—Você fez a coisa certa.
Horas depois, o Dr. Morales acordou na UTI. Ele pediu para vê-la.
Lúcia hesitou, mas acabou entrando.
O homem parecia frágil, muito diferente da figura confiante que ela conhecera décadas atrás.
“Seu filho… salvou minha vida”, disse ela com voz fraca.
Lúcia respondeu calmamente:
—Ele é um bom médico. E um bom homem.
Morales fechou os olhos por um instante.
—Eu não mereço perdão… mas agradeço por não me impedir de te ajudar.
Lúcia olhou para ele sem ressentimento.
—Eu não fiz isso por você. Fiz isso por ele. Para que ele nunca tenha que carregar um ódio que não é dele.
Um silêncio sepulcral se instalou.
Antes de partir, Morales murmurou:
—Eu nunca fui pai dele… mas se ele precisar de apoio profissional… ele o terá. Por mérito próprio.
Lúcia assentiu com a cabeça e saiu da sala, sentindo que, finalmente, algo dentro dela estava em paz.
As semanas seguintes foram agitadas. O hospital abriu uma investigação formal sobre possíveis erros do passado. A família, que procurava o filho, decidiu não entrar com uma ação judicial. Depois de conhecer Daniel, eles entenderam que a vida dele já estava completa.
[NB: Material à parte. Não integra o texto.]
theorem mainTheorem3:
  fixes lam1 lam2 \<alpha> \<beta> C :: real
  assumes "lam1 > 2" and "lam2 > 2"
    and "0 < \<alpha>" and "\<alpha> \<le> real CARD('n::finite) * (lam1 - 2) / 2"
    and "0 < \<beta>" and "\<beta> \<le> real CARD('m::finite) * (lam2 - 2) / 2"
  shows "\<exists>C'. \<forall>(K :: ('n, 'm) kernel). assumption1 C \<alpha> \<beta> K \<longrightarrow>
    (\<forall>k1 k2 (j1 :: 'n \<Rightarrow> int) j2 (eta :: 'n \<Rightarrow> bool)
       l1 l2 (i1 :: 'm \<Rightarrow> int) i2 (zeta :: 'm \<Rightarrow> bool) x1 x2 t1 t2.
      dside k1 < dside k2 \<longrightarrow> dside l1 < dside l2 \<longrightarrow>
      eta \<noteq> (\<lambda>_. False) \<longrightarrow> zeta \<noteq> (\<lambda>_. False) \<longrightarrow>
      x1 \<in> dcube k2 j2 \<longrightarrow> dside k2 / 2 < t1 \<longrightarrow> t1 < dside k2 \<longrightarrow>
      x2 \<in> dcube l2 i2 \<longrightarrow> dside l2 / 2 < t2 \<longrightarrow> t2 < dside l2 \<longrightarrow>
      (let f = (\<lambda>z. haar k1 j1 eta (fst z) * haar l1 i1 zeta (snd z));
           Q = lhs_sq K lam1 lam2 f x1 x2 t1 t2;
           I1 = dcube k1 j1; I2 = dcube k2 j2; J1 = dcube l1 i1; J2 = dcube l2 i2;
           n = real CARD('n); m = real CARD('m);
           lI1 = dside k1; lI2 = dside k2; lJ1 = dside l1; lJ2 = dside l2;
           vI1 = lI1 ^ CARD('n); vI2 = lI2 ^ CARD('n);
           vJ1 = lJ1 ^ CARD('m); vJ2 = lJ2 ^ CARD('m);
           DI = lI1 + lI2 + cdist I1 I2; DJ = lJ1 + lJ2 + cdist J1 J2;
           AI = lI1 powr (\<alpha>/2) * lI2 powr (\<alpha>/2) / DI powr (n + \<alpha>) * sqrt vI1 * sqrt vI2;
           AJ = lJ1 powr (\<beta>/2) * lJ2 powr (\<beta>/2) / DJ powr (m + \<beta>) * sqrt vJ1 * sqrt vJ2;
           R1 = (lI1 powr \<alpha> * sqrt vI1 / (lI2 + cdist I1 I2) powr (n + \<alpha>))
              * (lJ1 powr \<beta> * sqrt vJ1 / (lJ2 + cdist J1 J2) powr (m + \<beta>));
           R2 = AI / sqrt vI2 * (AJ / sqrt vJ2)
       in Q \<le> ennreal ((C' * R1)\<^sup>2) \<and> Q \<le> ennreal ((C' * R2)\<^sup>2)))"
  by (intro exI[of _ "C * sqrt (factor_const CARD('n) \<alpha> (real CARD('n) * lam1) * factor_const CARD('m) \<beta> (real CARD('m) * lam2))
      * (2 powr (real CARD('n) + \<alpha>) * 2 powr (real CARD('m) + \<beta>))"] allI impI,
      unfold Let_def, rule lhs_sq_haar_tensor_le_A_coefficients) (use assms in auto)

end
Houve testes, avaliações e reuniões.
E finalmente, chegou a confirmação definitiva:
Daniel era de fato filho biológico de Lucia.
Os registros foram arquivados incorretamente, mas não houve troca de bebês no caso deles.
Ao ler o relatório, Daniel soltou uma risada nervosa.
—Depois de toda essa confusão… descobri que sempre fui sua.
Lúcia chorou e riu ao mesmo tempo.
—Eu nunca tive dúvidas… mas precisava ouvir isso.
Daniel a abraçou.
—Mesmo que as coisas tivessem sido diferentes… você ainda seria minha mãe.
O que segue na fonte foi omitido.